Hiking in the woods might be the perfect and ideal activity to clear the mind and gain a little bit of clarity, at least for me. Not only is it great aerobic exercise but it serves as a way to get rid of the excess energy stress often places on the mind. Considering my struggle with battling burn out all through the month of March, I chalked this weekend up to spending my time doing various outdoor activities and soaking up the sunshine. The perfect antidote as it turns out.

Since Saturday was opening day of the Columbia Farmer’s Market, Liz and I made plans to meet there and pick up some supplies for an afternoon BBQ before heading out to Shooting Star for a morning hike with Miley. While I prefer shopping local whenever I can, I wish the food was a bit more affordable. I had a really hard time paying $2.50 for ONE tomato. It was well worth it though; our afternoon BBQ of burgers, salad, and potatoes hit the spot. I even picked up how to make homemade dressing and healthy potato salad (use balsamic vinegar and eggs instead of mayo and mustard) from Liz.

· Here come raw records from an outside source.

lemma pmf_of_set_Un_eq_bind_bernoulli:
  assumes "finite A" "finite B" "A \<inter> B = {}" "A \<noteq> {}"
  shows "pmf_of_set (A \<union> B) =
    bernoulli_pmf (card A / (card A + card B)) \<bind> (\<lambda>b. if b then pmf_of_set A else pmf_of_set B)"
proof (rule pmf_eqI)
  fix x
  let ?p = "real (card A) / (card A + card B)"
  have "0 < card A"
    using assms by (simp add: card_gt_0_iff)
  then have p: "0 \<le> ?p" "?p \<le> 1" "1 - ?p = card B / (card A + card B)"
    by (simp_all add: field_simps)
  have "card (A \<union> B) = card A + card B" "real (card A) + real (card B) \<noteq> 0"
    using assms \<open>0 < card A\<close> by (simp_all add: card_Un_disjoint)
  then have "pmf (pmf_of_set (A \<union> B)) x = pmf (pmf_of_set A) x * ?p + pmf (pmf_of_set B) x * (1 - ?p)"
    using assms \<open>0 < card A\<close> p(3) by (cases "B = {}") (auto simp: indicator_def divide_simps)
  then show "pmf (pmf_of_set (A \<union> B)) x =
      pmf (bernoulli_pmf ?p \<bind> (\<lambda>b. if b then pmf_of_set A else pmf_of_set B)) x"
    using p by (simp add: pmf_bind)
qed

lemma rel_pmf_bernoulli_mono:
  assumes "0 \<le> q" "q \<le> p" "p \<le> 1"
  shows "rel_pmf (\<lambda>u v. v \<longrightarrow> u) (bernoulli_pmf p) (bernoulli_pmf q)"
proof
  let ?W = "bernoulli_pmf p \<bind> (\<lambda>u. map_pmf (\<lambda>c. (u, u \<and> c)) (bernoulli_pmf (q / p)))"
  show "\<And>u v. (u, v) \<in> set_pmf ?W \<Longrightarrow> v \<longrightarrow> u"
    by auto
  show "map_pmf fst ?W = bernoulli_pmf p"
    by (simp add: map_bind_pmf pmf.map_comp o_def bind_return_pmf')
  have "0 \<le> q / p" "q / p \<le> 1"
    using assms by (auto simp: divide_simps)
  show "map_pmf snd ?W = bernoulli_pmf q"
  proof (rule pmf_eqI)
    fix v
    have "map_pmf snd ?W = bernoulli_pmf p \<bind> (\<lambda>u. if u then bernoulli_pmf (q / p) else return_pmf False)"
      by (auto simp: map_bind_pmf pmf.map_comp o_def intro: bind_pmf_cong)
    then show "pmf (map_pmf snd ?W) v = pmf (bernoulli_pmf q) v"
      using assms \<open>0 \<le> q / p\<close> \<open>q / p \<le> 1\<close>
      by (cases v; cases "p = 0") (auto simp: pmf_bind field_simps)
  qed
qed

lemma rel_pmf_chain_joint:
  assumes "\<And>i. i < j \<Longrightarrow> rel_pmf R (P i) (P (Suc i))"
  shows "\<exists>G. (\<forall>L\<in>set_pmf G. length L = Suc j \<and> (\<forall>i<j. R (L ! i) (L ! Suc i)))
             \<and> (\<forall>i\<le>j. map_pmf (\<lambda>L. L ! i) G = P i)"
  using assms
proof (induction j)
  case 0
  show ?case
    by (rule exI[of _ "map_pmf (\<lambda>a. [a]) (P 0)"]) (auto simp: pmf.map_comp o_def)
next
  case (Suc j)
  then obtain G where G: "\<forall>L\<in>set_pmf G. length L = Suc j \<and> (\<forall>i<j. R (L ! i) (L ! Suc i))"
    and marg: "\<forall>i\<le>j. map_pmf (\<lambda>L. L ! i) G = P i"
    by auto
  have "rel_pmf (=) (map_pmf (\<lambda>L. L ! j) G) (P j)"
    using marg by (simp add: rel_pmf_reflI)
  then have "rel_pmf (\<lambda>L s. L ! j = s) G (P j)"
    by (simp add: pmf.rel_map)
  then have "rel_pmf ((\<lambda>L s. L ! j = s) OO R) G (P (Suc j))"
    using Suc.prems[of j] by (auto simp: pmf.rel_compp relcomppI)
  then obtain W where W: "\<And>L t. (L, t) \<in> set_pmf W \<Longrightarrow> R (L ! j) t"
    and W_fst: "map_pmf fst W = G" and W_snd: "map_pmf snd W = P (Suc j)"
    by (auto elim!: rel_pmf.cases)
  have W_G: "(L, t) \<in> set_pmf W \<Longrightarrow> L \<in> set_pmf G" for L t
    using W_fst by force
  define G' where "G' = map_pmf (\<lambda>(L, t). L @ [t]) W"
  have "\<forall>L\<in>set_pmf G'. length L = Suc (Suc j) \<and> (\<forall>i<Suc j. R (L ! i) (L ! Suc i))"
    using G W W_G unfolding G'_def
    by (fastforce simp: nth_append less_Suc_eq)
  moreover have "map_pmf (\<lambda>L. L ! i) G' = P i" if "i \<le> Suc j" for i
  proof (cases "i = Suc j")
    case True
    have "map_pmf (\<lambda>L. L ! i) G' = map_pmf snd W"
      unfolding G'_def pmf.map_comp using True G W_G
      by (intro map_pmf_cong) (auto simp: nth_append)
    with True W_snd show ?thesis by simp
  next
    case False
    with that have "map_pmf (\<lambda>L. L ! i) G' = map_pmf (\<lambda>L. L ! i) (map_pmf fst W)"
      unfolding G'_def pmf.map_comp using G W_G
      by (intro map_pmf_cong) (auto simp: nth_append)
    with False that W_fst marg show ?thesis by simp
  qed
  ultimately show ?case
    by blast
qed

definition adjacent_paths :: "nat \<Rightarrow> int list \<Rightarrow> int list \<Rightarrow> bool" where
  "adjacent_paths m s t \<longleftrightarrow> (\<forall>k\<le>m. \<bar>s ! k - t ! k\<bar> = 1)"

lemma adjacent_paths_Cons:
  "\<bar>a - b\<bar> = 1 \<Longrightarrow> adjacent_paths m s t \<Longrightarrow> adjacent_paths (Suc m) (a # s) (b # t)"
  unfolding adjacent_paths_def less_Suc_eq_le[symmetric] All_less_Suc2 by simp

lemma conversep_adjacent_paths: "(adjacent_paths m)\<inverse>\<inverse> = adjacent_paths m"
  by (auto simp: fun_eq_iff adjacent_paths_def abs_minus_commute)

lemma adjacent_paths_map_add:
  "length s = Suc m \<Longrightarrow> adjacent_paths m (map (\<lambda>v. v + c) s) (map (\<lambda>v. v + (c + 1)) s)"
  by (simp add: adjacent_paths_def)

definition up_prob :: "nat \<Rightarrow> int \<Rightarrow> real" where
  "up_prob m y = num_paths m (y + 1) / (num_paths m (y + 1) + num_paths m (y - 1))"
(* Let $A$ be any of $L_d$, $C_d$ ($d\in\{2,3,\dots\}$), or $L_\infty$. Let $p\in[1,\infty)$, let $(X,\mathcal{B},\mu)$ be a $\sigma$-finite measure space, and let $\rho\colon A\to L(L^p(X,\mu))$ be a representation. Let $u\in L(l^p(\mathbb{Z}))$ be the bilateral shift $(u\eta)(m)=\eta(m-1)$, and let $\rho_u\colon A\to L(L^p(X\times\mathbb{Z},\mu\times\nu))$ ($\nu$ counting measure) be the unique representation with $\rho_u(s_j)=\rho(s_j)\otimes u$ and $\rho_u(t_j)=\rho(t_j)\otimes u^{-1}$ for all $j$. Then $\|\rho_u(a)\|\ge\|\rho(a)\|$ for every $a\in A$.
   Context: $L_d$ is the universal complex unital algebra generated by $s_1,\dots,s_d,t_1,\dots,t_d$ with $t_js_j=1$, $t_js_k=0$ ($j\ne k$), $\sum_js_jt_j=1$; $C_d$ has the same generators with only $t_js_j=1$, $t_js_k=0$ ($j\ne k$); $L_\infty$ is on $s_1,s_2,\dots,t_1,t_2,\dots$ with $t_js_j=1$, $t_js_k=0$ ($j\ne k$). A representation is a unital algebra homomorphism into $L(E)$. For bounded operators $a$ on $L^p(X,\mu)$ and $b$ on $L^p(Y,\nu)$ ($\sigma$-finite, $p<\infty$), $a\otimes b$ denotes the unique bounded operator on $L^p(X\times Y,\mu\times\nu)$ with $(a\otimes b)(\xi\otimes\eta)=a\xi\otimes b\eta$, where $(\xi\otimes\eta)(x,y)=\xi(x)\eta(y)$; one has $\|a\otimes b\|=\|a\|\|b\|$. *)

theory Defs
  imports "HOL-Analysis.Analysis"
begin

text \<open>Complex L^p spaces, represented by concrete functions (operators act on representatives,
  equality of operators is equality almost everywhere on L^p).\<close>

type_synonym 'x op = "('x \<Rightarrow> complex) \<Rightarrow> ('x \<Rightarrow> complex)"

definition Lp :: "'x measure \<Rightarrow> real \<Rightarrow> ('x \<Rightarrow> complex) set" where
  "Lp M p = {f. f \<in> borel_measurable M \<and> (\<integral>\<^sup>+ x. ennreal (cmod (f x) powr p) \<partial>M) < \<infinity>}"

definition pnorm :: "'x measure \<Rightarrow> real \<Rightarrow> ('x \<Rightarrow> complex) \<Rightarrow> real" where
  "pnorm M p f = enn2real (\<integral>\<^sup>+ x. ennreal (cmod (f x) powr p) \<partial>M) powr (1 / p)"

definition bounded_op :: "'x measure \<Rightarrow> real \<Rightarrow> 'x op \<Rightarrow> bool" where
  "bounded_op M p T \<longleftrightarrow>
     (\<forall>f\<in>Lp M p. T f \<in> Lp M p) \<and>
     (\<forall>f\<in>Lp M p. \<forall>g\<in>Lp M p. (AE x in M. f x = g x) \<longrightarrow> (AE x in M. T f x = T g x)) \<and>
     (\<forall>f\<in>Lp M p. \<forall>g\<in>Lp M p. AE x in M. T (\<lambda>y. f y + g y) x = T f x + T g x) \<and>
     (\<forall>f\<in>Lp M p. \<forall>c. AE x in M. T (\<lambda>y. c * f y) x = c * T f x) \<and>
     (\<exists>C. \<forall>f\<in>Lp M p. pnorm M p (T f) \<le> C * pnorm M p f)"

definition op_eq :: "'x measure \<Rightarrow> real \<Rightarrow> 'x op \<Rightarrow> 'x op \<Rightarrow> bool" where
  "op_eq M p T S \<longleftrightarrow> (\<forall>f\<in>Lp M p. AE x in M. T f x = S f x)"

definition op_norm :: "'x measure \<Rightarrow> real \<Rightarrow> 'x op \<Rightarrow> real" where
  "op_norm M p T = Sup ((\<lambda>f. pnorm M p (T f)) ` {f \<in> Lp M p. pnorm M p f \<le> 1})"

text \<open>Noncommutative polynomials in the generators s_j, t_j (elements of the free algebra);
  every element of L_d, C_d, L_infinity is the image of such a term.\<close>
datatype ncpoly = Scal complex | GenS nat | GenT nat | Add ncpoly ncpoly | Mul ncpoly ncpoly

fun gens_in :: "ncpoly \<Rightarrow> nat set" where
  "gens_in (Scal c) = {}"
| "gens_in (GenS j) = {j}"
| "gens_in (GenT j) = {j}"
| "gens_in (Add P Q) = gens_in P \<union> gens_in Q"
| "gens_in (Mul P Q) = gens_in P \<union> gens_in Q"

fun ev :: "(nat \<Rightarrow> 'x op) \<Rightarrow> (nat \<Rightarrow> 'x op) \<Rightarrow> ncpoly \<Rightarrow> 'x op" where
  "ev s t (Scal c) = (\<lambda>f x. c * f x)"
| "ev s t (GenS j) = s j"
| "ev s t (GenT j) = t j"
| "ev s t (Add P Q) = (\<lambda>f x. ev s t P f x + ev s t Q f x)"
| "ev s t (Mul P Q) = (\<lambda>f. ev s t P (ev s t Q f))"

datatype alg = L nat | C nat | Linf

fun idx :: "alg \<Rightarrow> nat set" where
  "idx (L d) = {1..d}"
| "idx (C d) = {1..d}"
| "idx Linf = {1..}"

fun valid_alg :: "alg \<Rightarrow> bool" where
  "valid_alg (L d) = (d \<ge> 2)"
| "valid_alg (C d) = (d \<ge> 2)"
| "valid_alg Linf = True"

text \<open>A representation of A on L^p(M), given by the images s j, t j of the generators,
  which must be bounded operators satisfying the defining relations of A.\<close>
definition is_rep :: "alg \<Rightarrow> 'x measure \<Rightarrow> real \<Rightarrow> (nat \<Rightarrow> 'x op) \<Rightarrow> (nat \<Rightarrow> 'x op) \<Rightarrow> bool" where
  "is_rep A M p s t \<longleftrightarrow>
     (\<forall>j\<in>idx A. bounded_op M p (s j) \<and> bounded_op M p (t j)) \<and>
     (\<forall>j\<in>idx A. \<forall>k\<in>idx A.
        op_eq M p (\<lambda>f. t j (s k f)) (if j = k then (\<lambda>f. f) else (\<lambda>f x. 0))) \<and>
     (case A of L d \<Rightarrow> op_eq M p (\<lambda>f x. \<Sum>j\<in>{1..d}. s j (t j f) x) (\<lambda>f. f) | _ \<Rightarrow> True)"

definition tensor :: "('x \<Rightarrow> complex) \<Rightarrow> ('y \<Rightarrow> complex) \<Rightarrow> ('x \<times> 'y \<Rightarrow> complex)" where
  "tensor \<xi> \<eta> = (\<lambda>(x, y). \<xi> x * \<eta> y)"

definition shift :: "(int \<Rightarrow> complex) \<Rightarrow> (int \<Rightarrow> complex)" where
  "shift \<eta> = (\<lambda>m. \<eta> (m - 1))"

definition shift_inv :: "(int \<Rightarrow> complex) \<Rightarrow> (int \<Rightarrow> complex)" where
  "shift_inv \<eta> = (\<lambda>m. \<eta> (m + 1))"

end

theory Submission
  imports Defs "HOL-Real_Asymp.Real_Asymp"
begin

(* Expand a term P of the free algebra as a finite sum of
   monomials; a monomial with a occurrences of generators s_j and b occurrences of t_j has
   degree a - b, and under the shifted representation it acts on an elementary tensor as
   (monomial applied to xi) \<otimes> (u^(a-b) eta).  If eta is constant c on the window [-N, N]
   and K bounds the degrees of all monomials of P, then rho_u(P)(xi \<otimes> eta) agrees with
   c \<cdot> rho(P) xi on the strip X \<times> [-(N-K), N-K].  Taking for eta the normalised indicator of
   [-N, N] (a unit vector of l^p(Z)) gives
     (2(N-K)+1)/(2N+1) \<cdot> \<parallel>rho(P) xi\<parallel>^p \<le> \<parallel>rho_u(P)\<parallel>^p  for \<parallel>xi\<parallel> \<le> 1,
   and letting N \<rightarrow> \<infinity> yields \<parallel>rho(P)\<parallel> \<le> \<parallel>rho_u(P)\<parallel>. *)

abbreviation counting_Z :: "int measure" where
  "counting_Z \<equiv> count_space (UNIV :: int set)"

(* L^p facts. *)

lemma borel_measurable_cmod_powr [measurable]:
  "f \<in> borel_measurable N \<Longrightarrow> (\<lambda>x. cmod (f x) powr p) \<in> borel_measurable N"
  by measurable

lemma Lp_zero: "(\<lambda>x. 0) \<in> Lp N p"
  by (simp add: Lp_def)

lemma pnorm_zero: "p > 0 \<Longrightarrow> pnorm N p (\<lambda>x. 0) = 0"
  by (simp add: pnorm_def)

lemma pnorm_nonneg: "pnorm N p f \<ge> 0"
  by (simp add: pnorm_def)

lemma pnorm_powr:
  assumes "f \<in> Lp N p" and "p > 0"
  shows "ennreal (pnorm N p f powr p) = (\<integral>\<^sup>+ x. ennreal (cmod (f x) powr p) \<partial>N)"
  using assms by (simp add: pnorm_def Lp_def powr_powr)

lemma Lp_scal:
  assumes f: "f \<in> Lp N p" and p: "p > 0"
  shows "(\<lambda>x. c * f x) \<in> Lp N p" "pnorm N p (\<lambda>x. c * f x) = cmod c * pnorm N p f"
proof -
  have m: "f \<in> borel_measurable N" and fin: "(\<integral>\<^sup>+ x. ennreal (cmod (f x) powr p) \<partial>N) < \<infinity>"
    using f by (auto simp: Lp_def)
  have eq: "(\<integral>\<^sup>+ x. ennreal (cmod (c * f x) powr p) \<partial>N)
      = ennreal (cmod c powr p) * (\<integral>\<^sup>+ x. ennreal (cmod (f x) powr p) \<partial>N)"
    by (subst nn_integral_cmult[symmetric]) (auto simp: m norm_mult powr_mult ennreal_mult intro: borel_measurable_cmod_powr)
  show "(\<lambda>x. c * f x) \<in> Lp N p"
    using m fin by (simp add: Lp_def eq ennreal_mult_less_top)
  have "pnorm N p (\<lambda>x. c * f x)
      = (cmod c powr p) powr (1/p) * enn2real (\<integral>\<^sup>+ x. ennreal (cmod (f x) powr p) \<partial>N) powr (1/p)"
    unfolding pnorm_def eq by (simp add: enn2real_mult powr_mult)
  also have "(cmod c powr p) powr (1/p) = cmod c"
    using p by (simp add: powr_powr)
  finally show "pnorm N p (\<lambda>x. c * f x) = cmod c * pnorm N p f"
    by (simp add: pnorm_def)
qed

lemma powr_norm_add_le:
  fixes a b :: complex assumes p: "p > 0"
  shows "cmod (a + b) powr p \<le> 2 powr p * (cmod a powr p + cmod b powr p)"
proof -
  have "cmod (a + b) powr p \<le> (2 * max (cmod a) (cmod b)) powr p"
    using p norm_triangle_ineq[of a b] by (intro powr_mono2) auto
  also have "\<dots> = 2 powr p * max (cmod a) (cmod b) powr p"
    by (simp add: powr_mult)
  also have "max (cmod a) (cmod b) powr p \<le> cmod a powr p + cmod b powr p"
    by (cases "cmod a \<le> cmod b") (auto simp: max_def)
  finally show ?thesis by (simp add: mult_left_mono)
qed

lemma root_add_le:
  fixes a b :: real assumes p: "p \<ge> 1" and a: "a \<ge> 0" and b: "b \<ge> 0"
  shows "(2 powr p * (a + b)) powr (1/p) \<le> 4 * (a powr (1/p) + b powr (1/p))"
proof -
  have "(2 powr p * (a + b)) powr (1/p) = 2 * (a + b) powr (1/p)"
    using p a b by (simp add: powr_mult powr_powr)
  also have "(a + b) powr (1/p) \<le> (2 * max a b) powr (1/p)"
    using p a b by (intro powr_mono2) auto
  also have "\<dots> = 2 powr (1/p) * max a b powr (1/p)"
    using a b by (simp add: powr_mult)
  also have "2 powr (1/p) \<le> (2::real)"
    using p powr_mono[of "1/p" 1 2] by simp
  also have "max a b powr (1/p) \<le> a powr (1/p) + b powr (1/p)"
    by (cases "a \<le> b") (auto simp: max_def)
  finally show ?thesis
    by (auto simp: mult_left_mono mult_right_mono)
qed

lemma Lp_add:
  assumes f: "f \<in> Lp N p" and g: "g \<in> Lp N p" and p: "p \<ge> 1"
  shows "(\<lambda>x. f x + g x) \<in> Lp N p"
    "pnorm N p (\<lambda>x. f x + g x) \<le> 4 * (pnorm N p f + pnorm N p g)"
proof -
  define I where "I h = (\<integral>\<^sup>+ x. ennreal (cmod (h x) powr p) \<partial>N)" for h
  have mf: "f \<in> borel_measurable N" and fin: "I f < \<infinity>"
    and mg: "g \<in> borel_measurable N" and gin: "I g < \<infinity>"
    using f g by (auto simp: Lp_def I_def)
  have "I (\<lambda>x. f x + g x)
      \<le> (\<integral>\<^sup>+ x. ennreal (2 powr p) * (ennreal (cmod (f x) powr p) + ennreal (cmod (g x) powr p)) \<partial>N)"
    unfolding I_def using p
    by (intro nn_integral_mono)
       (auto simp: ennreal_mult[symmetric] ennreal_plus[symmetric] powr_norm_add_le simp del: ennreal_plus)
  also have "\<dots> = ennreal (2 powr p) * (I f + I g)"
    unfolding I_def using mf mg by (subst nn_integral_cmult) (auto simp: nn_integral_add)
  finally have le: "I (\<lambda>x. f x + g x) \<le> ennreal (2 powr p) * (I f + I g)" .
  have fin2: "I (\<lambda>x. f x + g x) < \<infinity>"
    using le fin gin by (simp add: ennreal_mult_less_top le_less_trans)
  show "(\<lambda>x. f x + g x) \<in> Lp N p"
    using fin2 mf mg unfolding Lp_def I_def by auto
  have "enn2real (I (\<lambda>x. f x + g x)) \<le> enn2real (ennreal (2 powr p) * (I f + I g))"
    using le fin gin by (intro enn2real_mono) (auto simp: ennreal_mult_less_top)
  also have "\<dots> = 2 powr p * (enn2real (I f) + enn2real (I g))"
    using fin gin by (simp add: enn2real_mult enn2real_plus)
  finally have "pnorm N p (\<lambda>x. f x + g x) \<le> (2 powr p * (enn2real (I f) + enn2real (I g))) powr (1/p)"
    unfolding pnorm_def I_def using p by (intro powr_mono2) auto
  also have "\<dots> \<le> 4 * (enn2real (I f) powr (1/p) + enn2real (I g) powr (1/p))"
    using p by (intro root_add_le) auto
  finally show "pnorm N p (\<lambda>x. f x + g x) \<le> 4 * (pnorm N p f + pnorm N p g)"
    unfolding pnorm_def I_def .
qed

Until the latter part of the hike, Shooting Star was practically vacant. Miley fished for rocks and Liz and I chatted about life. By the end of the hike, both of our spirits were lifted and I came to the realization that given the crazy ups and downs over the last couple of months, I finally feel like I’m back to myself and ready to take on the next chapter of life. Nice girls (and guys) may finish last, but we always come out on top in the end. I look at the people who have been there for me these past few months and they are all people who lift me up and allow me to be my true self (no matter how weird and dorky I may be). I’m no longer desperately trying to fit into someone else’s mold of who I should be and I have to say it feels good to shed that weight. I am happy and I think I’ve finally reached the mental clarity I’ve been yearning.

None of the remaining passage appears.